Semenjak 2006 lumpur lapindo terus mengeluarkan material seperti air, minyak, gas dan lumpur hingga rata-rata 180.000 meter kubik atau setara 72 kolam renang olimpiade per hari, dengan semburan gas dan uap yang dikeluarkan tingginya kira-kira mencapai 10 meter. Namun, hasil riset ilmiah dari University of Oslo berjudul, Relevant Methane Emission to the Atmosphere From a Geological Gas Manifestation, Scientific Reports oleh Mazzini, et. al. Menunjukan fenomena lain yang hingga kini belum ditunjukkan kepada publik. Pada rilisan ini, semburan lumpur panas di Sidoarjo atau dikenal Lumpur Lapindo disebut telah mengeluarkan emisi metana terbesar yang pernah tercatat dari satu manifestasi gas alam.
Dalam analisis hasil monitoring selama 10 tahun yang dilakukan oleh para peneliti, dinyatakan bahwa fenomena geologi ini dipicu oleh tekanan fluida yang diklaim berasal dari batuan sedimen bersuhu tinggi yang diakibatkan interaksi dengan gunung api magmatik di sekitarnya. Oleh karena itu, lumpur Lapindo dianggap sebagai manifestasi permukaan dari sistem sedimen/hidrotermal hibrida.
Tim riset yang dikoordinasikan oleh the Centre for Earth Evolution and Dynamics (University of Oslo) yang berkolaborasi dengan the Istituto Nazionale di Geofisica e Vulcanologia of Rome, the Netherlands Institute for Space Research of Utrecht, dan Pusat Pengendalian Lumpur Sidoarjo (PPLS) menggunakan penilaian kombinasi dari pengamatan “ground-based” dan satelit (TROPOMI) untuk mengukur jumlah gas yang dikeluarkan dari semburan lumpur panas lapindo ke atmosfer. Dari penilaian ini ditemukan bahwa total metana yang dikeluarkan dari semburan lumpur lapindo mencapai 100.000 ton per tahun. Pengukuran ini adalah emisi tertinggi yang pernah terekam dalam eksperimen kemunculan gas alam dari satu situs/tempat.

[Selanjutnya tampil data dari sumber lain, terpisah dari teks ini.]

definition cand :: "'i cterm list \<Rightarrow> 'i \<Rightarrow> nat \<Rightarrow> 'i list list \<Rightarrow> 'i list list option
    \<Rightarrow> 'i list list option" where
  "cand L q s AX AY =
     map_option (\<lambda>ay. map (Cons q) (reinsert (map (\<lambda>t. del t q) (take s L)) AX) @ ay) AY"

definition dval :: "('i cterm list \<Rightarrow> 'i \<Rightarrow> real \<Rightarrow> real) \<Rightarrow> (real \<Rightarrow> real \<Rightarrow> real)
    \<Rightarrow> 'i cterm list \<Rightarrow> 'i \<Rightarrow> nat \<Rightarrow> 'i list list \<Rightarrow> 'i list list option \<Rightarrow> ennreal" where
  "dval phi opl L q s AX AY =
     (case AY of None \<Rightarrow> \<infinity>
      | Some ay \<Rightarrow> ennreal (opl (phi (take s L) q (tcost phi opl (Xof L q s) AX))
                                (tcost phi opl (Yof L s) ay)))"

inductive ORDER :: "('i cterm list \<Rightarrow> 'i \<Rightarrow> real \<Rightarrow> real) \<Rightarrow> (real \<Rightarrow> real \<Rightarrow> real)
    \<Rightarrow> 'i cterm list \<Rightarrow> 'i list list \<Rightarrow> 'i list list option \<Rightarrow> bool"
  for phi opl where
  ORDER_Nil: "ORDER phi opl [] [] None"
| ORDER_Cons:
  "\<lbrakk> L = t # Ls;
     \<comment> \<open>recursive calls for every q in U(L_1) and every s in 1..k\<close>
     \<forall>q s. q \<in> U t \<and> 1 \<le> s \<and> s \<le> kof L q \<longrightarrow>
        ORDER phi opl (Xof L q s) (AX q s) (BX q s) \<and>
        ORDER phi opl (Yof L s) (AbY q s) (BbY q s);
     \<comment> \<open>C_q: a candidate C_{q,s} of minimal delta\<close>
     \<forall>q\<in>U t. 1 \<le> sq q \<and> sq q \<le> kof L q \<and>
        (\<forall>s. 1 \<le> s \<and> s \<le> kof L q \<longrightarrow>
           dval phi opl L q (sq q) (AX q (sq q)) (adjY q (Yof L (sq q)) (AbY q (sq q)) (BbY q (sq q)))
           \<le> dval phi opl L q s (AX q s) (adjY q (Yof L s) (AbY q s) (BbY q s)));
     \<comment> \<open>q*: minimizing value of C_q\<close>
     qs \<in> U t;
     \<forall>q\<in>U t.
        dval phi opl L qs (sq qs) (AX qs (sq qs)) (adjY qs (Yof L (sq qs)) (AbY qs (sq qs)) (BbY qs (sq qs)))
        \<le> dval phi opl L q (sq q) (AX q (sq q)) (adjY q (Yof L (sq q)) (AbY q (sq q)) (BbY q (sq q)));
     cand L qs (sq qs) (AX qs (sq qs)) (adjY qs (Yof L (sq qs)) (AbY qs (sq qs)) (BbY qs (sq qs)))
       = Some A;
     \<comment> \<open>B = C_{q'} for a minimizing q' \<noteq> q*, or \<bottom> if U(L_1) = {q*}\<close>
     (U t = {qs} \<and> B = None) \<or>
     (\<exists>q'. q' \<in> U t \<and> q' \<noteq> qs \<and>
        (\<forall>q\<in>U t - {qs}.
          dval phi opl L q' (sq q') (AX q' (sq q')) (adjY q' (Yof L (sq q')) (AbY q' (sq q')) (BbY q' (sq q')))
          \<le> dval phi opl L q (sq q) (AX q (sq q)) (adjY q (Yof L (sq q)) (AbY q (sq q)) (BbY q (sq q)))) \<and>
        B = cand L q' (sq q') (AX q' (sq q')) (adjY q' (Yof L (sq q')) (AbY q' (sq q')) (BbY q' (sq q'))))
   \<rbrakk> \<Longrightarrow> ORDER phi opl L A B"

end

theory Submission
  imports Defs
begin

text \<open>A loop order splits at its root q: the leading terms whose nests start with q form, after
  removing q, a loop order of X = (L1\<setminus>q, \<dots>, Lr\<setminus>q), and the remaining sequences form a loop
  order of Y = (L(r+1), \<dots>, LN) whose root is not q (r is maximal); the cost is
  \<phi>(f(X,\<cdot>)) \<oplus> f(Y,\<cdot>), and conversely every such pair assembles into a loop order with root q.
  Because \<phi> and \<oplus> are monotone, for fixed q and r the cost is minimised by an optimal order
  of X together with the cheapest order of Y whose root is not q; that is the optimal order of Y
  unless its root is q, and the second one returned for Y otherwise. Hence, by induction on the
  total number of index occurrences, the candidate C_q is optimal among the loop orders with
  root q, and the best and second best candidates realise (i) and (ii).\<close>

definition lists_indices :: "'i cterm \<Rightarrow> 'i list \<Rightarrow> bool" where
  "lists_indices t b \<longleftrightarrow> distinct b \<and> set b = U t"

Hasil yang dipublikasikan pada februari 2021 ini, menunjukan bahwa perkiraan emisi metana geologi global berbasis radiokarbon di inti es sejak era pre-industrial, yang diperkirakan berada pada kisaran 100.000 sampai 5.400.000 ton CH4 per tahun selama ini, mungkin terlalu kecil atau men-underestimate jumlah sesungguhnya, karena jumlah metana yang dikeluarkan oleh satu manifestasi tunggal di Lumpur Lapindo saja jumlahnya setara dengan jumlah minimum asesmen/studi berbasis inti es yang berasal dari seluruh planet. Emisi gas metana dari Lumpur Lapindo dianggap konsisten secara proporsional dengan tingkat aliran metana (yang disebut “faktor emisi”) yang biasanya dikeluarkan oleh sumber-sumber gas alam lainnya seperti gunung lumpur atau rembesan dari sistem metana besar. Jika semua lokasi-lokasi sumber emisi ini digabungkan secara global, diperkirakan total keluaran metana planet ini mencapai sekitar 40-50 juta ton per tahun.

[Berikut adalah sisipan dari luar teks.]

(* Let $\mathcal{C}$ be a d-category and $f:Y\to X$ a map of $\mathcal{C}$-presheaves. The following are equivalent: (1) $f$ is future open; (2) for every path $\alpha:\mathcal I\to\mathsf{E}X$ and every element $y$ of $Y$ with $\mathsf{E}(f)(y)=\alpha(\bot_{\mathcal I})$ there is a path $\beta:\mathcal I\to\mathsf{E}Y$ with $\beta(\bot_{\mathcal I})=y$ and $\mathsf{E}(f)\circ\beta=\alpha$; (3) for every track object $\Gamma$, every presheaf map $\boldsymbol\alpha:\Gamma\to X$ and every $y\in Y[\mathrm{src}\Gamma]$ with $f(y)=\boldsymbol\alpha(\bot_\Gamma)$ there is a presheaf map $\boldsymbol\beta:\Gamma\to Y$ with $\boldsymbol\beta(\bot_\Gamma)=y$ and $f\circ\boldsymbol\beta=\boldsymbol\alpha$; (4) for all track objects $\Gamma,\Delta$ with $\mathrm{tgt}\Gamma=\mathrm{src}\Delta$, letting $j:\Gamma\to\Gamma*\Delta$ be the canonical map, for all presheaf maps $\boldsymbol\gamma:\Gamma\to Y$ and $\boldsymbol\alpha:\Gamma*\Delta\to X$ with $\boldsymbol\alpha\circ j=f\circ\boldsymbol\gamma$ there is $\boldsymbol\beta:\Gamma*\Delta\to Y$ with $\boldsymbol\beta\circ j=\boldsymbol\gamma$ and $f\circ\boldsymbol\beta=\boldsymbol\alpha$.
   Context: A d-category is a small category $\mathcal{C}$ with wide subcategories $\mathcal{C}^+$ (formorphisms) and $\mathcal{C}^-$ (backmorphisms) such that an invertible $\varphi$ is in $\mathcal{C}^+$ iff $\varphi^{-1}\in\mathcal{C}^-$; d-functors preserve both. A $\mathcal{C}$-presheaf is a functor $X:\mathcal{C}^{op}\to\mathbf{Set}$; $\mathsf{E}X$ is its category of elements (objects $(U,x)$, $x\in X[U]$; morphisms $(V,y)\to(U,x)$ the $\varphi:V\to U$ with $X[\varphi](x)=y$), a d-category where a morphism is a for-/backmorphism iff its image in $\mathcal{C}$ is; $\mathsf{E}(f)(U,y)=(U,f(y))$. A map $f:Y\to X$ is future open if for every $\varphi\in\mathcal{C}^+(V,U)$, $y\in Y[V]$, $x\in X[U]$ with $X[\varphi](x)=f(y)$ there is $\bar y\in Y[U]$ with $Y[\varphi](\bar y)=y$ and $f(\bar y)=x$. A linear category is a bipointed d-category isomorphic to a finite (possibly empty) concatenation (gluing $\top$ to $\bot$) of $\mathbf S$ (formorphism $\bot\to\top$), $\mathbf T$ (backmorphism $\top\to\bot$), $\mathbf I$ (inverse pair); a path in a d-category $\mathcal D$ is a d-functor from a linear category to $\mathcal D$. The track object of a path $\omega:\mathcal I\to\mathcal{C}$ is $\operatorname{colim}_i\mathcal{C}(-,\omega(i))$ with single start element $\bot$ the image of $\mathrm{id}_{\omega(\bot)}$ (over $\mathrm{src}=\omega(\bot)$) and single accept element $\top$ the image of $\mathrm{id}_{\omega(\top)}$ (over $\mathrm{tgt}=\omega(\top)$); a track object is such an object up to isomorphism. For track objects with $\mathrm{tgt}\Gamma=\mathrm{src}\Delta=U$, $\Gamma*\Delta$ is the pushout of $\Gamma\xleftarrow{\top_\Gamma}\mathcal{C}(-,U)\xrightarrow{\bot_\Delta}\Delta$ (elements viewed as maps from representables via Yoneda), with start element from $\Gamma$ and accept from $\Delta$. *)

theory Defs
  imports Main
begin

text \<open>A small category: object set, morphism set, domain, codomain, identities and
  composition (Cmp C g f is g after f).\<close>
record ('o, 'm) cat =
  Ob  :: "'o set"
  Mor :: "'m set"
  Dm  :: "'m \<Rightarrow> 'o"
  Cd  :: "'m \<Rightarrow> 'o"
  Idm :: "'o \<Rightarrow> 'm"
  Cmp :: "'m \<Rightarrow> 'm \<Rightarrow> 'm"

record ('o, 'm) dcat = "('o, 'm) cat" +
  Fwd :: "'m set"
  Bwd :: "'m set"

definition category :: "('o, 'm, 'z) cat_scheme \<Rightarrow> bool" where
  "category C \<longleftrightarrow>
     (\<forall>U\<in>Ob C. Idm C U \<in> Mor C \<and> Dm C (Idm C U) = U \<and> Cd C (Idm C U) = U) \<and>
     (\<forall>f\<in>Mor C. Dm C f \<in> Ob C \<and> Cd C f \<in> Ob C) \<and>
     (\<forall>f\<in>Mor C. \<forall>g\<in>Mor C. Cd C f = Dm C g \<longrightarrow>
        Cmp C g f \<in> Mor C \<and> Dm C (Cmp C g f) = Dm C f \<and> Cd C (Cmp C g f) = Cd C g) \<and>
     (\<forall>f\<in>Mor C. Cmp C f (Idm C (Dm C f)) = f \<and> Cmp C (Idm C (Cd C f)) f = f) \<and>
     (\<forall>f\<in>Mor C. \<forall>g\<in>Mor C. \<forall>h\<in>Mor C. Cd C f = Dm C g \<longrightarrow> Cd C g = Dm C h \<longrightarrow>
        Cmp C h (Cmp C g f) = Cmp C (Cmp C h g) f)"

definition inverse_pair :: "('o, 'm, 'z) cat_scheme \<Rightarrow> 'm \<Rightarrow> 'm \<Rightarrow> bool" where
  "inverse_pair C f g \<longleftrightarrow> f \<in> Mor C \<and> g \<in> Mor C \<and> Dm C g = Cd C f \<and> Cd C g = Dm C f \<and>
     Cmp C g f = Idm C (Dm C f) \<and> Cmp C f g = Idm C (Cd C f)"

definition wide_subcat :: "('o, 'm, 'z) cat_scheme \<Rightarrow> 'm set \<Rightarrow> bool" where
  "wide_subcat C M \<longleftrightarrow> M \<subseteq> Mor C \<and> (\<forall>U\<in>Ob C. Idm C U \<in> M) \<and>
     (\<forall>f\<in>M. \<forall>g\<in>M. Cd C f = Dm C g \<longrightarrow> Cmp C g f \<in> M)"

definition dcategory :: "('o, 'm) dcat \<Rightarrow> bool" where
  "dcategory C \<longleftrightarrow> category C \<and> wide_subcat C (Fwd C) \<and> wide_subcat C (Bwd C) \<and>
     (\<forall>f g. inverse_pair C f g \<longrightarrow> (f \<in> Fwd C \<longleftrightarrow> g \<in> Bwd C))"

definition dfunctor :: "('a, 'b) dcat \<Rightarrow> ('o, 'm) dcat \<Rightarrow> ('a \<Rightarrow> 'o) \<Rightarrow> ('b \<Rightarrow> 'm) \<Rightarrow> bool" where
  "dfunctor A D Fo Fm \<longleftrightarrow>
     (\<forall>U\<in>Ob A. Fo U \<in> Ob D) \<and>
     (\<forall>f\<in>Mor A. Fm f \<in> Mor D \<and> Dm D (Fm f) = Fo (Dm A f) \<and> Cd D (Fm f) = Fo (Cd A f)) \<and>
     (\<forall>U\<in>Ob A. Fm (Idm A U) = Idm D (Fo U)) \<and>
     (\<forall>f\<in>Mor A. \<forall>g\<in>Mor A. Cd A f = Dm A g \<longrightarrow> Fm (Cmp A g f) = Cmp D (Fm g) (Fm f)) \<and>
     (\<forall>f\<in>Fwd A. Fm f \<in> Fwd D) \<and> (\<forall>f\<in>Bwd A. Fm f \<in> Bwd D)"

Perubahan Iklim dan Bencana Hidrometeorologi

Di Jawa Timur secara kumulatif berdasarkan perhitungan dari catatan BNPB dari tahun 2013 sampai pada tahun 2019 telah terjadi 2676 bencana hidrometeorologi. Rinciannya adalah banjir sebesar 743 kasus, longsor 514 kasus, kekeringan 66 kasus, kebakaran hutan 361 kasus, gelombang pasang 22 kasus dan angin kencang sebanyak 970 kasus. Jika dilihat dari pendekatan pendekatan per kasus, setiap tahunnya ada peningkatan jumlah bencana, dari tahun 2013 dan 2014 ada sekitar 233 kasus, lalu meningkat menjadi 297 kasus pada tahun 2015, semakin meningkat lagi pada tahun 2016 sebesar 404 kasus, 2017 sekitar 434 kasus, 2018 bertambah menjadi 455 kasus dan semakin pesat peningkatannya pada tahun 2019 dengan jumlah kasus sebesar 620 kasus.
Lantas bagaimana relasinya?
Bencana Hidrometeorologi disebabkan oleh perubahan iklim, Menurut Organisasi Meteorologi Dunia, ukuran iklim termasuk, tetapi tidak terbatas pada suhu, curah hujan, angin, ozon, sifat awan, gas rumah kaca, dan tekanan udara (World Meteorological Organization, 2018). Efek rumah kaca adalah istilah yang umum digunakan untuk menggambarkan cara alami atmosfer bumi menjaga planet tetap hangat. Namun, kekuatan efek rumah kaca telah meningkat pada tingkat yang mengkhawatirkan dan terjadi peningkatan ambien suhu adalah akibat langsung dari efek rumah kaca yang lebih kuat dalam konteks peningkatan emisi karbondioksida. Saat suhu naik, mereka mendorong perubahan iklim lainnya dan ada sejumlah efek hidrometeorologi bertingkat, termasuk peningkatan penguapan air permukaan bumi, peningkatan curah hujan, perluasan air laut saat air menghangat, dan mencairnya gletser yang juga berkontribusi pada kenaikan permukaan laut (Gutnik & Roth, 2018).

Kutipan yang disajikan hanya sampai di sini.